= What to produce =
Going line by line through the data below, report how many lines include the word "that", with nothing added.

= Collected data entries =
*** Begin section ***

text \<open>Nonnegativity is only needed by the library's product rule expectation_prod_Pi_pmf.\<close>
lemma expectation_mult_components_Pi_pmf:
  fixes g g' :: "'a \<Rightarrow> real"
  assumes "finite I" "finite (set_pmf p)" "j \<in> I" "k \<in> I" "j \<noteq> k"
    and "\<And>y. y \<in> set_pmf p \<Longrightarrow> 0 \<le> g y" "\<And>y. y \<in> set_pmf p \<Longrightarrow> 0 \<le> g' y"
  shows "measure_pmf.expectation (Pi_pmf I dflt (\<lambda>_. p)) (\<lambda>h. g (h j) * g' (h k))
           = measure_pmf.expectation p g * measure_pmf.expectation p g'"
proof -
  define f where "f x v = (if x = j then g v else 1) * (if x = k then g' v else 1)" for x v
  have "(\<lambda>h. g (h j) * g' (h k)) = (\<lambda>h. \<Prod>x\<in>I. f x (h x))"
    using assms(1,3,4) by (simp add: f_def prod.distrib)
  moreover have "measure_pmf.expectation (Pi_pmf I dflt (\<lambda>_. p)) (\<lambda>h. \<Prod>x\<in>I. f x (h x))
      = (\<Prod>x\<in>I. measure_pmf.expectation p (f x))"
    using assms by (intro expectation_prod_Pi_pmf) (auto simp: f_def integrable_measure_pmf_finite)
  moreover have "measure_pmf.expectation p (f x)
      = (if x = j then measure_pmf.expectation p g else 1) * (if x = k then measure_pmf.expectation p g' else 1)" for x
    using assms(5) by (simp add: f_def [abs_def])
  ultimately show ?thesis
    using assms(1,3,4) by (simp add: prod.distrib)
qed

lemma expectation_sum_components_Pi_pmf:
  assumes "finite I" "finite (set_pmf p)"
  shows "measure_pmf.expectation (Pi_pmf I dflt (\<lambda>_. p)) (\<lambda>h. \<Sum>j\<in>I. g (h j))
           = real (card I) * measure_pmf.expectation p (g :: _ \<Rightarrow> real)"
  using assms
  by (simp add: Bochner_Integration.integral_sum integrable_measure_pmf_finite
      finite_set_Pi_pmf_const expectation_component_Pi_pmf)

lemma variance_sum_components_Pi_pmf:
  fixes g :: "'a \<Rightarrow> real"
  assumes "finite I" "finite (set_pmf p)" "\<And>y. y \<in> set_pmf p \<Longrightarrow> 0 \<le> g y"
  shows "measure_pmf.variance (Pi_pmf I dflt (\<lambda>_. p)) (\<lambda>h. \<Sum>j\<in>I. g (h j))
           = real (card I) * measure_pmf.variance p g"
proof -
  let ?P = "Pi_pmf I dflt (\<lambda>_. p)"
  let ?\<mu> = "measure_pmf.expectation p g"
  let ?\<mu>2 = "measure_pmf.expectation p (\<lambda>y. (g y)\<^sup>2)"
  have int_P: "integrable (measure_pmf ?P) f" for f :: "_ \<Rightarrow> real"
    using assms(1,2) by (simp add: integrable_measure_pmf_finite finite_set_Pi_pmf_const)
  have int_p: "integrable (measure_pmf p) f" for f :: "_ \<Rightarrow> real"
    using assms(2) by (rule integrable_measure_pmf_finite)
  have pair: "measure_pmf.expectation ?P (\<lambda>h. g (h j) * g (h k))
      = (if k = j then ?\<mu>2 else ?\<mu>\<^sup>2)" if "j \<in> I" "k \<in> I" for j k
    using that assms expectation_component_Pi_pmf [where g = "\<lambda>y. (g y)\<^sup>2"]
    by (auto simp: power2_eq_square expectation_mult_components_Pi_pmf)
  have row: "(\<Sum>k\<in>I. if k = j then ?\<mu>2 else ?\<mu>\<^sup>2) = ?\<mu>2 + (real (card I) - 1) * ?\<mu>\<^sup>2"
    if "j \<in> I" for j
  proof -
    have "1 \<le> card I"
      using that assms(1) by (metis One_nat_def Suc_leI card_gt_0_iff empty_iff)
    then show ?thesis
      using that assms(1) by (simp add: sum.delta_remove)
  qed
  have "measure_pmf.expectation ?P (\<lambda>h. (\<Sum>j\<in>I. g (h j))\<^sup>2)
      = (\<Sum>j\<in>I. \<Sum>k\<in>I. measure_pmf.expectation ?P (\<lambda>h. g (h j) * g (h k)))"
    by (simp add: power2_eq_square sum_product Bochner_Integration.integral_sum int_P)
  also have "\<dots> = real (card I) * (?\<mu>2 + (real (card I) - 1) * ?\<mu>\<^sup>2)"
    by (simp add: pair row)
  finally have second_moment: "measure_pmf.expectation ?P (\<lambda>h. (\<Sum>j\<in>I. g (h j))\<^sup>2)
      = real (card I) * (?\<mu>2 + (real (card I) - 1) * ?\<mu>\<^sup>2)" .
  have "measure_pmf.variance ?P (\<lambda>h. \<Sum>j\<in>I. g (h j))
      = measure_pmf.expectation ?P (\<lambda>h. (\<Sum>j\<in>I. g (h j))\<^sup>2)
        - (measure_pmf.expectation ?P (\<lambda>h. \<Sum>j\<in>I. g (h j)))\<^sup>2"
    by (intro measure_pmf.variance_eq int_P)
  also have "\<dots> = real (card I) * (?\<mu>2 - ?\<mu>\<^sup>2)"
    using assms(1,2) unfolding second_moment
    by (simp add: expectation_sum_components_Pi_pmf algebra_simps power2_eq_square)
  also have "?\<mu>2 - ?\<mu>\<^sup>2 = measure_pmf.variance p g"
    by (intro measure_pmf.variance_eq [symmetric] int_p)
  finally show ?thesis .
qed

*** End section ***

= Solution to this task =
3